We’ve progressed from “I feel your pain” to “I inflict your pain,” and we’re being told to like it.

“President Obama: If you stand up to the Republican hostage-takers and protect Medicare,” it says on MoveOn.org’s website, “we will have your back.” Or, of course, even if you don’t do that, President Obama, even if the whole idea of it is based on myths about who is on whose side, MoveOn and most other online groups that don’t have the back of the Republican Party will have yours. That’s the way this game works. Except that it hasn’t been working.

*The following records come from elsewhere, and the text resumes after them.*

lemma trees_decomp:
  "trees n = (if n = 1 then {Leaf} else {}) \<union> (\<lambda>(i,l,r). Node l r) ` root_splits n"
proof (intro set_eqI iffI)
  fix t assume t: "t \<in> trees n"
  show "t \<in> (if n = 1 then {Leaf} else {}) \<union> (\<lambda>(i,l,r). Node l r) ` root_splits n"
  proof (cases t)
    case (Node l r)
    then have "(leaves l, l, r) \<in> root_splits n" using t by (auto simp: root_splits_def trees_def)
    then show ?thesis using Node by force
  qed (use t in \<open>auto simp: trees_def\<close>)
qed (auto simp: root_splits_def trees_def split: if_splits)

lemma finite_trees: "finite (trees n)"
proof (induction n rule: less_induct)
  case (less n)
  have "finite (root_splits n)" unfolding root_splits_def
  proof (rule finite_SigmaI)
    fix i assume "i \<in> {0..n}"
    then show "finite (trees i \<times> trees (n - i))"
      using less trees_0 by (cases "i = 0 \<or> i = n") auto
  qed simp
  then show ?case by (subst trees_decomp) auto
qed

lemma inj_on_root_splits: "inj_on (\<lambda>(i,l,r). Node l r) (root_splits n)"
  by (auto simp: inj_on_def root_splits_def trees_def)

lemma sum_trees:
  "(\<Sum>t\<in>trees n. f t) = (if n = 1 then f Leaf else 0) +
     (\<Sum>i=0..n. \<Sum>l\<in>trees i. \<Sum>r\<in>trees (n - i). f (Node l r))"
proof -
  have fin: "finite (root_splits n)" using finite_trees by (auto simp: root_splits_def)
  have "(\<Sum>t\<in>trees n. f t) = (\<Sum>t\<in>(if n = 1 then {Leaf} else {}). f t) +
      (\<Sum>t\<in>(\<lambda>(i,l,r). Node l r) ` root_splits n. f t)"
    by (subst trees_decomp, rule sum.union_disjoint) (use fin in auto)
  also have "(\<Sum>t\<in>(\<lambda>(i,l,r). Node l r) ` root_splits n. f t) =
      (\<Sum>(i,l,r)\<in>root_splits n. f (Node l r))"
    by (subst sum.reindex[OF inj_on_root_splits]) (simp add: case_prod_beta)
  also have "\<dots> = (\<Sum>i=0..n. \<Sum>(l,r)\<in>trees i \<times> trees (n - i). f (Node l r))"
    unfolding root_splits_def by (subst sum.Sigma) (auto simp: finite_trees)
  also have "\<dots> = (\<Sum>i=0..n. \<Sum>l\<in>trees i. \<Sum>r\<in>trees (n - i). f (Node l r))"
    by (simp add: sum.cartesian_product finite_trees)
  finally show ?thesis by simp
qed
lemma inj_derivative_of_left_inverse:
  assumes "\<And>x. \<psi> (\<phi> x) = x" "(\<phi> has_derivative \<phi>') (at y)" "(\<psi> has_derivative \<psi>') (at (\<phi> y))"
  shows "inj \<phi>'"
proof -
  have "((\<psi> \<circ> \<phi>) has_derivative (\<psi>' \<circ> \<phi>')) (at y)"
    using diff_chain_at assms(2,3) by blast
  moreover have "\<psi> \<circ> \<phi> = id" using assms(1) by auto
  ultimately have "\<psi>' \<circ> \<phi>' = id"
    using has_derivative_unique has_derivative_id by metis
  then show ?thesis by (metis inj_on_id inj_on_imageI2)
qed

text \<open>The column span of M, described dually (equivalent to the usual one in finite
  dimension).\<close>

definition in_col_span :: "nat set \<Rightarrow> 'c set \<Rightarrow> (nat \<Rightarrow> 'c \<Rightarrow> real) \<Rightarrow> (nat \<Rightarrow> real) \<Rightarrow> bool" where
  "in_col_span R C M \<Lambda> \<longleftrightarrow>
     (\<forall>a. (\<forall>\<alpha>\<in>C. (\<Sum>j\<in>R. a j * M j \<alpha>) = 0) \<longrightarrow> (\<Sum>j\<in>R. a j * \<Lambda> j) = 0)"

lemma full_row_rankI_triangular:
  assumes "finite R"
    and "\<And>J. J \<in> R \<Longrightarrow> \<exists>\<Lambda>. in_col_span R C M \<Lambda> \<and> (\<forall>k\<in>R. k < J \<longrightarrow> \<Lambda> k = 0) \<and> \<Lambda> J \<noteq> 0"
  shows "full_row_rank R C M"
  unfolding full_row_rank_def
proof (intro allI impI ballI, rule ccontr)
  fix a j
  assume a: "\<forall>\<alpha>\<in>C. (\<Sum>j\<in>R. a j * M j \<alpha>) = 0" and "j \<in> R" "a j \<noteq> 0"
  define S where "S = {j \<in> R. a j \<noteq> 0}"
  have S: "finite S" "S \<noteq> {}"
    using assms(1) \<open>j \<in> R\<close> \<open>a j \<noteq> 0\<close> by (auto simp: S_def)
  define J where "J = Max S"
  have "J \<in> S" using Max_in[OF S] by (simp add: J_def)
  then have J: "J \<in> R" "a J \<noteq> 0" by (auto simp: S_def)
  have J_max: "k \<le> J" if "k \<in> R" "a k \<noteq> 0" for k
    using Max_ge[OF S(1)] that by (simp add: J_def S_def)
  obtain \<Lambda> where \<Lambda>: "(\<Sum>j\<in>R. a j * \<Lambda> j) = 0" "\<And>k. k \<in> R \<Longrightarrow> k < J \<Longrightarrow> \<Lambda> k = 0" "\<Lambda> J \<noteq> 0"
    using assms(2)[OF J(1)] a unfolding in_col_span_def by blast
  have "(\<Sum>j\<in>R. a j * \<Lambda> j) = (\<Sum>j\<in>R. if j = J then a J * \<Lambda> J else 0)"
    using J_max \<Lambda>(2) by (intro sum.cong) (auto simp: not_less order.order_iff_strict)
  also have "\<dots> = a J * \<Lambda> J"
    using J(1) assms(1) by simp
  finally show False
    using \<Lambda>(1,3) J(2) by simp
qed

lemma finite_multi_idx: "finite (multi_idx D :: ('n::finite \<Rightarrow> nat) set)"
proof -
  have "\<alpha> i \<le> 2 * D - 1" if "\<alpha> \<in> multi_idx D" for \<alpha> :: "'n \<Rightarrow> nat" and i
    using member_le_sum[of i UNIV \<alpha>] that by (simp add: multi_idx_def)
  then have "(multi_idx D :: ('n \<Rightarrow> nat) set) \<subseteq> Pi\<^sub>E UNIV (\<lambda>_. {..2 * D - 1})"
    by (auto simp: PiE_UNIV_domain)
  then show ?thesis
    by (rule finite_subset) (rule finite_PiE; simp)
qed

definition mono_p_fderiv :: "('n::finite \<Rightarrow> nat) \<Rightarrow> 'n rv \<Rightarrow> 'n rv \<Rightarrow> real" where
  "mono_p_fderiv \<alpha> y v =
     (\<Sum>i\<in>UNIV. (of_nat (\<alpha> i) * v $ i * (y $ i) ^ (\<alpha> i - 1)) * (\<Prod>j\<in>UNIV - {i}. (y $ j) ^ (\<alpha> j)))"

lemma has_derivative_mono_p: "(mono_p \<alpha> has_derivative mono_p_fderiv \<alpha> y) (at y)"
  unfolding mono_p_def[abs_def] mono_p_fderiv_def
  by (rule has_derivative_prod, rule has_derivative_power,
      rule bounded_linear.has_derivative[OF bounded_linear_vec_nth has_derivative_ident])

lemma frechet_derivative_mono_p: "frechet_derivative (mono_p \<alpha>) (at y) = mono_p_fderiv \<alpha> y"
  by (rule frechet_derivative_at[symmetric], rule has_derivative_mono_p)

lemma continuous_on_mono_p_fderiv: "continuous_on UNIV (\<lambda>p. mono_p_fderiv \<alpha> (fst p) (snd p))"
  unfolding mono_p_fderiv_def by (intro continuous_intros)

lemma mono_p_mult: "mono_p \<alpha> x * mono_p \<beta> x = mono_p (\<lambda>i. \<alpha> i + \<beta> i) x"
  by (simp add: mono_p_def power_add prod.distrib)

True Majority’s traditional focus was on reducing military spending, but during the early Obama years it celebrated particular weapons cuts, masking overall increases. MoveOn used to organize anti-war rallies, albeit only in Republican congressional districts, as long as the president was a Republican and the Democrats tolerated it. Now, you’ll have a hard time finding any of our wars’ existence acknowledged on MoveOn’s website, which is dominated by opposition to the Tea Party.

Even in the bad old days of a Republican president, True Majority had to be pushed hard by its members to oppose wars, and MoveOn conducted a poll of its members asking if they preferred Nancy Pelosi’s plan to keep the wars going or President Bush’s, and then used the inevitable result to dishonestly claim that its members preferred Pelosi’s plan to Congresswoman Barbara Lee’s proposal to actually end a war.